L'enterrement d'indigents en tombe commune serait la routine dans une mégalopole de 11 millions d'habitants. "Dans cette ville, il meurt 600 personnes chaque jour. On enterre beaucoup d'indigents. Nous aurions voulu que les familles puissent s'occuper de leurs morts, tel n'est pas toujours le cas. Cette tombe commune est un cas parmi des centaines d'autres depuis l'année 1952. Il n'y a aucune activité criminelle qui soit lié à cet enterrement du 19 mars dernier", conclut le ministre.
Mais pourquoi s'opposer à une exhumation si la procédure est réglementaire et que cela permettrait de dissiper les rumeurs et les suspicions? Lambert Mende a une réponse claire : "On ne déterre parce qu'un journaliste demande qu'on déterre! On ne déterre pas parce qu'un Ministre en Belgique veut se donner le beau rôle en disant qu'il faut déterrer. On déterre parce qu'on a des raisons de croire qu'un crime a été commis. Alors, où est la raison? Où est la dénonciation? Où est le nom de la personne qui a disparu?
Des disparus et des plaignants, il y en a pourtant beaucoup."Nous avons enregistré une centaine de familles qui recherchent le leur", explique l'avocat Georges Kampiamba, de l'ACAJ, l'Association congolaise pour l'accès à la Justice. "La plupart ont disparu durant l'opération Likofi. Mais nous avons aussi 45 autres personnes manquantes depuis les manifestations de janvier".
L'avocat nous présente une femme dont le fils a été arrêté chez lui, la nuit, lors d'une opération musclée des services secrets. Il n'a plus donné signe de vie depuis 17 mois. Nul ne sait s'il est emprisonné ou s'il a été abattu. La famille n'a jamais pu voir son corps. Ce père de famille a vécu pour sa part une opération identique : "On a jeté mon fils dans la Jeep, sans plaque d'immatriculation. Les policiers avaient des cagoules". Et Georges Kampiamba de conclure : "Nous sommes en face de crimes contre l'humanité dont il faut s'occuper sérieusement!"

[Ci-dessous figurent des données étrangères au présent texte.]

lemma lin_ext_mix:
  assumes "finite (fsupp v)" "finite (fsupp w)"
  shows "lin_ext f (\<lambda>t. a * v t + b * w t) = a * lin_ext f v + b * lin_ext f w"
  using lin_ext_sum[of UNIV "\<lambda>i. if i then v else w" f "\<lambda>i. if i then a else b"] assms
  by (simp add: UNIV_bool add.commute)

lemma fin_dist_convex_sum:
  assumes "finite J" "\<forall>j\<in>J. 0 \<le> \<mu> j" "sum \<mu> J = 1" "\<forall>j\<in>J. \<rho> j \<in> fin_dist A"
  shows "(\<lambda>a. \<Sum>j\<in>J. \<mu> j * \<rho> j a) \<in> fin_dist A"
proof -
  define U where "U = (\<Union>j\<in>J. fsupp (\<rho> j))"
  have U: "finite U" "U \<subseteq> A" "\<And>j. j \<in> J \<Longrightarrow> fsupp (\<rho> j) \<subseteq> U"
    using assms(1,4) fin_dist_finite fin_dist_subset by (fastforce simp: U_def)+
  have supp: "fsupp (\<lambda>a. \<Sum>j\<in>J. \<mu> j * \<rho> j a) \<subseteq> U"
    using fsupp_sum_subset by (simp add: U_def)
  have "sum (\<lambda>a. \<Sum>j\<in>J. \<mu> j * \<rho> j a) (fsupp (\<lambda>a. \<Sum>j\<in>J. \<mu> j * \<rho> j a))
        = lin_ext (\<lambda>_. 1) (\<lambda>a. \<Sum>j\<in>J. \<mu> j * \<rho> j a)"
    by (simp add: lin_ext_def)
  also have "\<dots> = (\<Sum>j\<in>J. \<mu> j * lin_ext (\<lambda>_. 1) (\<rho> j))"
    using assms(1,4) fin_dist_finite by (intro lin_ext_sum) auto
  also have "\<dots> = sum \<mu> J"
    using assms(4) lin_ext_const by (intro sum.cong) auto
  finally have "sum (\<lambda>a. \<Sum>j\<in>J. \<mu> j * \<rho> j a) (fsupp (\<lambda>a. \<Sum>j\<in>J. \<mu> j * \<rho> j a)) = 1"
    using assms(3) by simp
  moreover have "0 \<le> (\<Sum>j\<in>J. \<mu> j * \<rho> j a)" for a
    using assms(2,4) by (auto intro!: sum_nonneg mult_nonneg_nonneg intro: fin_dist_nonneg)
  ultimately show ?thesis
    using finite_subset[OF supp U(1)] order_trans[OF supp U(2)] by (simp add: fin_dist_def)
qed

lemma fin_dist_convex:
  assumes "\<rho>1 \<in> fin_dist A" "\<rho>2 \<in> fin_dist A" "0 \<le> s" "s \<le> 1"
  shows "(\<lambda>a. s * \<rho>1 a + (1 - s) * \<rho>2 a) \<in> fin_dist A"
  using fin_dist_convex_sum[of UNIV "\<lambda>i. if i then s else 1 - s" "\<lambda>i. if i then \<rho>1 else \<rho>2" A] assms
  by (simp add: UNIV_bool add.commute)

definition dirac :: "'a \<Rightarrow> 'a \<Rightarrow> real" where
  "dirac a = (\<lambda>b. if b = a then 1 else 0)"

lemma fsupp_dirac: "fsupp (dirac a) = {a}"
  by (simp add: fsupp_def dirac_def)

lemma dirac_fin_dist: "a \<in> A \<Longrightarrow> dirac a \<in> fin_dist A"
  by (simp add: fin_dist_def fsupp_dirac) (simp add: dirac_def)

lemma lin_ext_dirac: "lin_ext f (dirac a) = f a"
  by (simp add: lin_ext_def fsupp_dirac) (simp add: dirac_def)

Le défenseur des droits de l'Homme, Jean-Claude Katende affirme quant à lui posséder une trentaine de noms de personnes portées disparues, sans aucune trace. Elles ne sont ni dans les prisons, ni dans les bureaux des services secrets ou de l'agence nationale de renseignement (ANR). "Toute personne qui irait se plaindre auprès des services de sécurité, serait victime de représailles", affirme même le Président de l’Association africaine des droits de l'Homme (ASADHO), "les gens sont dans la peur. Ils n'ont plus confiance dans les institutions judiciaires".
Volonté de transparence du gouvernement
Les autorités congolaises affirment que cet enterrement collectif s'est passé dans le respect des procédures, conformément à une réglementation de l'époque coloniale de 1952.
Le ministre de la Justice évoque d'ailleurs une enquête de routine. Il dénonce des allégations mensongères, des manœuvres politiques à quelques mois d'échéances électorales majeures dans le pays.
"Je pense que des gens ont le goût du sensationnel, et voudraient trouver un scandale", affirme Alexis Thambwe Mwamba. "Au total, on a dix familles qui disent ne pas savoir où sont les membres de leur famille".
Est-ce insuffisant pour ouvrir la fosse commune? "Mais on peut alors ouvrir toutes les tombes de Kinshasa", tranchera le ministre de la Justice. Il se veut d'ailleurs rassurant quant aux craintes exprimées par ceux qui affirment ne pas oser porter plainte.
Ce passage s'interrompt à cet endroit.